- _Task description_
In the records that follow, find the line with "proof (rule in_H4_if_mink_neg[OF x])"; from there, retype every line exactly through the line with "by (simp add: null_frame_def", which also belongs to the answer.

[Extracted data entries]
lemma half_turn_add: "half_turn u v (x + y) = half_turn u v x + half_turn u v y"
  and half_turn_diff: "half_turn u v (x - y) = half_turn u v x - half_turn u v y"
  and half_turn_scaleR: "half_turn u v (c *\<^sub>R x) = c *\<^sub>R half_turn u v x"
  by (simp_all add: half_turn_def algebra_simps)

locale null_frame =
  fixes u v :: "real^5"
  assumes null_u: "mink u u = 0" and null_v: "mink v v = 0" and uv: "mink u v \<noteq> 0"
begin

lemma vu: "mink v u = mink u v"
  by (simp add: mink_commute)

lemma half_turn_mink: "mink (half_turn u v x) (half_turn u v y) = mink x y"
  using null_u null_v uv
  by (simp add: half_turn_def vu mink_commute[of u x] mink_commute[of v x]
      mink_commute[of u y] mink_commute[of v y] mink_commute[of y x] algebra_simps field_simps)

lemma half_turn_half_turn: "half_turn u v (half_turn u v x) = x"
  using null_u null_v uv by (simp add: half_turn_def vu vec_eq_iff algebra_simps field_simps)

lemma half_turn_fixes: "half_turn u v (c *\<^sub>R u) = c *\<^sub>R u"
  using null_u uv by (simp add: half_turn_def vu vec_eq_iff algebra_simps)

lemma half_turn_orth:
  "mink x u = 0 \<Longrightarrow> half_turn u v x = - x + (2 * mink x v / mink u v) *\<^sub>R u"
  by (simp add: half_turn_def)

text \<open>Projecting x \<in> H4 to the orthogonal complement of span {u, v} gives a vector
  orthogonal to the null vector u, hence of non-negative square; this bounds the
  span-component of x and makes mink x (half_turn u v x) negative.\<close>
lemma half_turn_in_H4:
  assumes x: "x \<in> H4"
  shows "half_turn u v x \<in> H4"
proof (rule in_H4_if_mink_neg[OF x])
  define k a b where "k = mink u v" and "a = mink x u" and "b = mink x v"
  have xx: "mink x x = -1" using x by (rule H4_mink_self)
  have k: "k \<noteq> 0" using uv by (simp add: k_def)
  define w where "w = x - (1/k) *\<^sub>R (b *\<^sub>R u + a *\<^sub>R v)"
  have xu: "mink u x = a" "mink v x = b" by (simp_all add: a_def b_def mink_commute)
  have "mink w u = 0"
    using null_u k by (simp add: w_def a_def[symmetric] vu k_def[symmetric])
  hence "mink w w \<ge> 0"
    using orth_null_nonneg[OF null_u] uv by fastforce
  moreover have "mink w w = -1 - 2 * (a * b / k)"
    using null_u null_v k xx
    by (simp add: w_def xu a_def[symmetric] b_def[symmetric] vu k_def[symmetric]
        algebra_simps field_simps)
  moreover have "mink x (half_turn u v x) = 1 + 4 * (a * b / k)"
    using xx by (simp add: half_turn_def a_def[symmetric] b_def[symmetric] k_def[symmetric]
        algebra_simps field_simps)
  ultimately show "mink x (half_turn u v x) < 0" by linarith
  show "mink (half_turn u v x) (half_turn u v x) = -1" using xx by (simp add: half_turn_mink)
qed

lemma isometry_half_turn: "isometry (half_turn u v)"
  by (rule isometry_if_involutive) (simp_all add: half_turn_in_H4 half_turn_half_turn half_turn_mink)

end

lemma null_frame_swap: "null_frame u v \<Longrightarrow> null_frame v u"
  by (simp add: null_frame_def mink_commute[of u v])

==

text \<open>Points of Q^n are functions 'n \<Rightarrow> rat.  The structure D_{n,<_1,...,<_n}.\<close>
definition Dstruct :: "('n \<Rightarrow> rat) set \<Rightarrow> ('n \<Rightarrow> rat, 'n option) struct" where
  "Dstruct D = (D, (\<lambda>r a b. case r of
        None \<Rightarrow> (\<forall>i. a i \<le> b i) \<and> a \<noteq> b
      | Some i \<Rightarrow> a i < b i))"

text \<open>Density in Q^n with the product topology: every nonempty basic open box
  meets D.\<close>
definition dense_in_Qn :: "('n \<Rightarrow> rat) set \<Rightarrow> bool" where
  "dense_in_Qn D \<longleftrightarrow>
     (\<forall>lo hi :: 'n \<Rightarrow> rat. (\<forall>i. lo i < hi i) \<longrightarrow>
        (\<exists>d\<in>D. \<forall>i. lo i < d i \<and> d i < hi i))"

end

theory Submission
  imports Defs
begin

* * *

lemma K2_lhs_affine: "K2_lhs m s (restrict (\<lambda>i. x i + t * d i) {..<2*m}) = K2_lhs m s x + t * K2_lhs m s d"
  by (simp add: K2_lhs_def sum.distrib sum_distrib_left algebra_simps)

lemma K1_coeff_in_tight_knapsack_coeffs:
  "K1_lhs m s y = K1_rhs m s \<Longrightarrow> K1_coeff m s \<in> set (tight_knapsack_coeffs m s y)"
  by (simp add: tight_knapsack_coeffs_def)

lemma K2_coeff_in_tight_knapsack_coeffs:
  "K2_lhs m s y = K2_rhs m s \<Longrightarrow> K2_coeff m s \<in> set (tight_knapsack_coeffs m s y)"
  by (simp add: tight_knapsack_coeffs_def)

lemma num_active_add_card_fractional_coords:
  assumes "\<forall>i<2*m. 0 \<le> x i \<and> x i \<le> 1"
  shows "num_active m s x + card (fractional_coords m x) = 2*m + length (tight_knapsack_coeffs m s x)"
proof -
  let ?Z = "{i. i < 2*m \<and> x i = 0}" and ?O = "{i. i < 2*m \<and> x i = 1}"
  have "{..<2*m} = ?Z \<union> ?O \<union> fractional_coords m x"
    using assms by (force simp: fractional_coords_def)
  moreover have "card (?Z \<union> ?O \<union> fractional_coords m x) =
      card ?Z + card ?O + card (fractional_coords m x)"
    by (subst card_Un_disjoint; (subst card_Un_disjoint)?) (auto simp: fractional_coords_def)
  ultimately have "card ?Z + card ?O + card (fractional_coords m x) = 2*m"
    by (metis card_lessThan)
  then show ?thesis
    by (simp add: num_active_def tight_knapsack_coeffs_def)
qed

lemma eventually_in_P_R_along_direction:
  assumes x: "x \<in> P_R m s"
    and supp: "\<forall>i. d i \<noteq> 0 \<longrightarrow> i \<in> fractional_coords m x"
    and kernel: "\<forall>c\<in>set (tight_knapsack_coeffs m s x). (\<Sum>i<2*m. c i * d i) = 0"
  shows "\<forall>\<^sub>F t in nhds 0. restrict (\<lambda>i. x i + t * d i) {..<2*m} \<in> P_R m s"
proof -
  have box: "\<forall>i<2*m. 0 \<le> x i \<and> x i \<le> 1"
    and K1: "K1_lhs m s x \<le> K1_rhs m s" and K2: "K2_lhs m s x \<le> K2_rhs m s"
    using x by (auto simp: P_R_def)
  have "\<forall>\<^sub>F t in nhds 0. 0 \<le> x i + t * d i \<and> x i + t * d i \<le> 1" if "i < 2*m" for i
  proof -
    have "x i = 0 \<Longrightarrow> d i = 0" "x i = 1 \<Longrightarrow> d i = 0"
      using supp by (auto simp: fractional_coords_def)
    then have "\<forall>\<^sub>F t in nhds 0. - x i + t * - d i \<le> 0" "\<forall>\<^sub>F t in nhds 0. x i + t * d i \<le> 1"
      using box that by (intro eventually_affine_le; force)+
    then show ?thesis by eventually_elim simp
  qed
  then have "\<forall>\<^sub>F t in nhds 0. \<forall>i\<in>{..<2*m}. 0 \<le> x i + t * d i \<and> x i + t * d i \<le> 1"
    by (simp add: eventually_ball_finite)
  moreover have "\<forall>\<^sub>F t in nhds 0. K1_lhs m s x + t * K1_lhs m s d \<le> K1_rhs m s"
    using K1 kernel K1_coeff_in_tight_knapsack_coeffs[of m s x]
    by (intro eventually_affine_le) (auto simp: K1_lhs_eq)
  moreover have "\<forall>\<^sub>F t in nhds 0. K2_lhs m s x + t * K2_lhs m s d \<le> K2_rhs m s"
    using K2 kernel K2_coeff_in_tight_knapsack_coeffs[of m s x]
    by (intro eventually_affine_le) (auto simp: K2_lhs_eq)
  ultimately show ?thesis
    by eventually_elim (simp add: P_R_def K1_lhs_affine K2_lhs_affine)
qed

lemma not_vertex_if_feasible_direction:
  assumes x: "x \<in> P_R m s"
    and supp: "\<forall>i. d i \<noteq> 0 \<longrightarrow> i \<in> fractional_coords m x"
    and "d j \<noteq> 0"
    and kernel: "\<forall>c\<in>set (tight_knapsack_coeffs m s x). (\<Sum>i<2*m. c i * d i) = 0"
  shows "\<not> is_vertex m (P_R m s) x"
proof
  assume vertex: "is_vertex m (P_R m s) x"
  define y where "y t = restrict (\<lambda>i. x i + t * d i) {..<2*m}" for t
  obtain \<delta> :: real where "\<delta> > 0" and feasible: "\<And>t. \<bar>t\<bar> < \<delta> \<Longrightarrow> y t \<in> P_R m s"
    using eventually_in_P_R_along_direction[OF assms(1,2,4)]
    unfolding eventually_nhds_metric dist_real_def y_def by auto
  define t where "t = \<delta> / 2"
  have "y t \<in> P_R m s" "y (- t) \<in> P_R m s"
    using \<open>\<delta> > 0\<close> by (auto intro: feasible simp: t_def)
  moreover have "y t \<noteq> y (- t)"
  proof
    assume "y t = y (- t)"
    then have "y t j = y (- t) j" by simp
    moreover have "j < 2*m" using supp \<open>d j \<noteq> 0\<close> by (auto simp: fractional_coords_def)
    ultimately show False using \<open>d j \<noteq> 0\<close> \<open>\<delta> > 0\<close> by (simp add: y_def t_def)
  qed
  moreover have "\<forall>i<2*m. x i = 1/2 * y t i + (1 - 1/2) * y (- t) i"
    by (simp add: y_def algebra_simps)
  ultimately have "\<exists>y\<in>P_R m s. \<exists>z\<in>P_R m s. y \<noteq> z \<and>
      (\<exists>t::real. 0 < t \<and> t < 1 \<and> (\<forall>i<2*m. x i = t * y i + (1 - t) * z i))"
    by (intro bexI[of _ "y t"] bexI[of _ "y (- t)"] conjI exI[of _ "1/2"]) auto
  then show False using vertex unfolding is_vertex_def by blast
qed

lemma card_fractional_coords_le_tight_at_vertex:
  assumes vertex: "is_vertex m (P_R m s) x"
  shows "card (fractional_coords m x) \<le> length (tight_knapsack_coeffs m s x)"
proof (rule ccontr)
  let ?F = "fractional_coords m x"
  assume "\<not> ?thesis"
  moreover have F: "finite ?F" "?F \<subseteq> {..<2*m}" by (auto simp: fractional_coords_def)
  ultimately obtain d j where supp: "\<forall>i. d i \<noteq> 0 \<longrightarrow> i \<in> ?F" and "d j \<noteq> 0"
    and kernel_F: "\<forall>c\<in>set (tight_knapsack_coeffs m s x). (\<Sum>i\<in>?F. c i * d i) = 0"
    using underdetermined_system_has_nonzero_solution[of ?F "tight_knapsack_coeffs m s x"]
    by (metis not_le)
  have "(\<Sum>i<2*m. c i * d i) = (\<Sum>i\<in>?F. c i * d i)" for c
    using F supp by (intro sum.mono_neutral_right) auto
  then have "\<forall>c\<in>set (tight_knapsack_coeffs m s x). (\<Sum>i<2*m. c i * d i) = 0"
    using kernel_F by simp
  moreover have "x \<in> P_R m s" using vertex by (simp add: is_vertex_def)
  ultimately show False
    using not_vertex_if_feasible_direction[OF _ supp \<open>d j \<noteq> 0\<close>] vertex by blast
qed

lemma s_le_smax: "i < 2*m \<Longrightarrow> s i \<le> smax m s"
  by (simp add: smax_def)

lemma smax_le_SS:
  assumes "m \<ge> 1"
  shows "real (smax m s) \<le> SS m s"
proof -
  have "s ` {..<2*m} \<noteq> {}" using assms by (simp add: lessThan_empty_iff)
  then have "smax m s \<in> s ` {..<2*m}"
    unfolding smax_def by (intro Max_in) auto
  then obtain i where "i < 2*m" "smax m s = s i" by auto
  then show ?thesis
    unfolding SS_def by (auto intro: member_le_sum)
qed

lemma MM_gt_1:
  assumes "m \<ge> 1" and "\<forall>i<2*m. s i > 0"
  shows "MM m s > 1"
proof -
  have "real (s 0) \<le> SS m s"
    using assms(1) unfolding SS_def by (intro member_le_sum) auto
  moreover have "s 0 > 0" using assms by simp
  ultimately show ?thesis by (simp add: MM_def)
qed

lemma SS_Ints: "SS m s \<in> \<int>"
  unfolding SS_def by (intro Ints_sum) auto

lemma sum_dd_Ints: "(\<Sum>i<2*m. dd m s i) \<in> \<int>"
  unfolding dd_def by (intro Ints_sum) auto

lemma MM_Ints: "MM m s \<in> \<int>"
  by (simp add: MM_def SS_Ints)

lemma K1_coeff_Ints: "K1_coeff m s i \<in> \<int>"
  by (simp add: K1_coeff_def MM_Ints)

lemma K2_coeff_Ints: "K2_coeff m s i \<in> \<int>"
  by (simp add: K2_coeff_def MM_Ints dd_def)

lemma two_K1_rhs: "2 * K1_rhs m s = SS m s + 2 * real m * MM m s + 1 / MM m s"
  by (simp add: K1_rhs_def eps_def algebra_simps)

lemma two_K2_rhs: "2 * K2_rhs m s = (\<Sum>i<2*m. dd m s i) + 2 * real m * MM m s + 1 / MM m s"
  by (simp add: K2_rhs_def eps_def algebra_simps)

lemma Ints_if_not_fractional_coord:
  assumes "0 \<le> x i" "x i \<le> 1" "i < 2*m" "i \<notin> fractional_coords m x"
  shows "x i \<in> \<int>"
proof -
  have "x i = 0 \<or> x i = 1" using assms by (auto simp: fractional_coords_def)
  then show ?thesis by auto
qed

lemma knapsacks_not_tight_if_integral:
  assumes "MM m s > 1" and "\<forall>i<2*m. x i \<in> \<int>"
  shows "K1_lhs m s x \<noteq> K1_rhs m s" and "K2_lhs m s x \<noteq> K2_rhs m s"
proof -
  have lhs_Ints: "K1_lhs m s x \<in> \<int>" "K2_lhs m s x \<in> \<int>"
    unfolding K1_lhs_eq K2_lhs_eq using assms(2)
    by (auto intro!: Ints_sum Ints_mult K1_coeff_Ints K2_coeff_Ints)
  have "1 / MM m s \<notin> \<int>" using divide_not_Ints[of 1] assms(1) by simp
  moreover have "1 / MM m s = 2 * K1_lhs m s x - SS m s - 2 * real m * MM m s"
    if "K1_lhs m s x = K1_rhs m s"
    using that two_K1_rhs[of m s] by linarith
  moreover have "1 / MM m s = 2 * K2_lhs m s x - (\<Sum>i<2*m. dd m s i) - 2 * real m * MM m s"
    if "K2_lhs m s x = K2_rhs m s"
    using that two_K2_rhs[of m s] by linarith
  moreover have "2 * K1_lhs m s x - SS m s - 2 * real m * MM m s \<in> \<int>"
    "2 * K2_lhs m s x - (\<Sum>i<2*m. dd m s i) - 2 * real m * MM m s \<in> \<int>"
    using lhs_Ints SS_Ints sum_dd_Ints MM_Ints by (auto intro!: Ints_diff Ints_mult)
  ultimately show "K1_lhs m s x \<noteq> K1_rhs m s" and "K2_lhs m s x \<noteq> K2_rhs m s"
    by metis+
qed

- _Exercise solution_
proof (rule in_H4_if_mink_neg[OF x])
  define k a b where "k = mink u v" and "a = mink x u" and "b = mink x v"
  have xx: "mink x x = -1" using x by (rule H4_mink_self)
  have k: "k \<noteq> 0" using uv by (simp add: k_def)
  define w where "w = x - (1/k) *\<^sub>R (b *\<^sub>R u + a *\<^sub>R v)"
  have xu: "mink u x = a" "mink v x = b" by (simp_all add: a_def b_def mink_commute)
  have "mink w u = 0"
    using null_u k by (simp add: w_def a_def[symmetric] vu k_def[symmetric])
  hence "mink w w \<ge> 0"
    using orth_null_nonneg[OF null_u] uv by fastforce
  moreover have "mink w w = -1 - 2 * (a * b / k)"
    using null_u null_v k xx
    by (simp add: w_def xu a_def[symmetric] b_def[symmetric] vu k_def[symmetric]
        algebra_simps field_simps)
  moreover have "mink x (half_turn u v x) = 1 + 4 * (a * b / k)"
    using xx by (simp add: half_turn_def a_def[symmetric] b_def[symmetric] k_def[symmetric]
        algebra_simps field_simps)
  ultimately show "mink x (half_turn u v x) < 0" by linarith
  show "mink (half_turn u v x) (half_turn u v x) = -1" using xx by (simp add: half_turn_mink)
qed

lemma isometry_half_turn: "isometry (half_turn u v)"
  by (rule isometry_if_involutive) (simp_all add: half_turn_in_H4 half_turn_half_turn half_turn_mink)

end

lemma null_frame_swap: "null_frame u v \<Longrightarrow> null_frame v u"
  by (simp add: null_frame_def mink_commute[of u v])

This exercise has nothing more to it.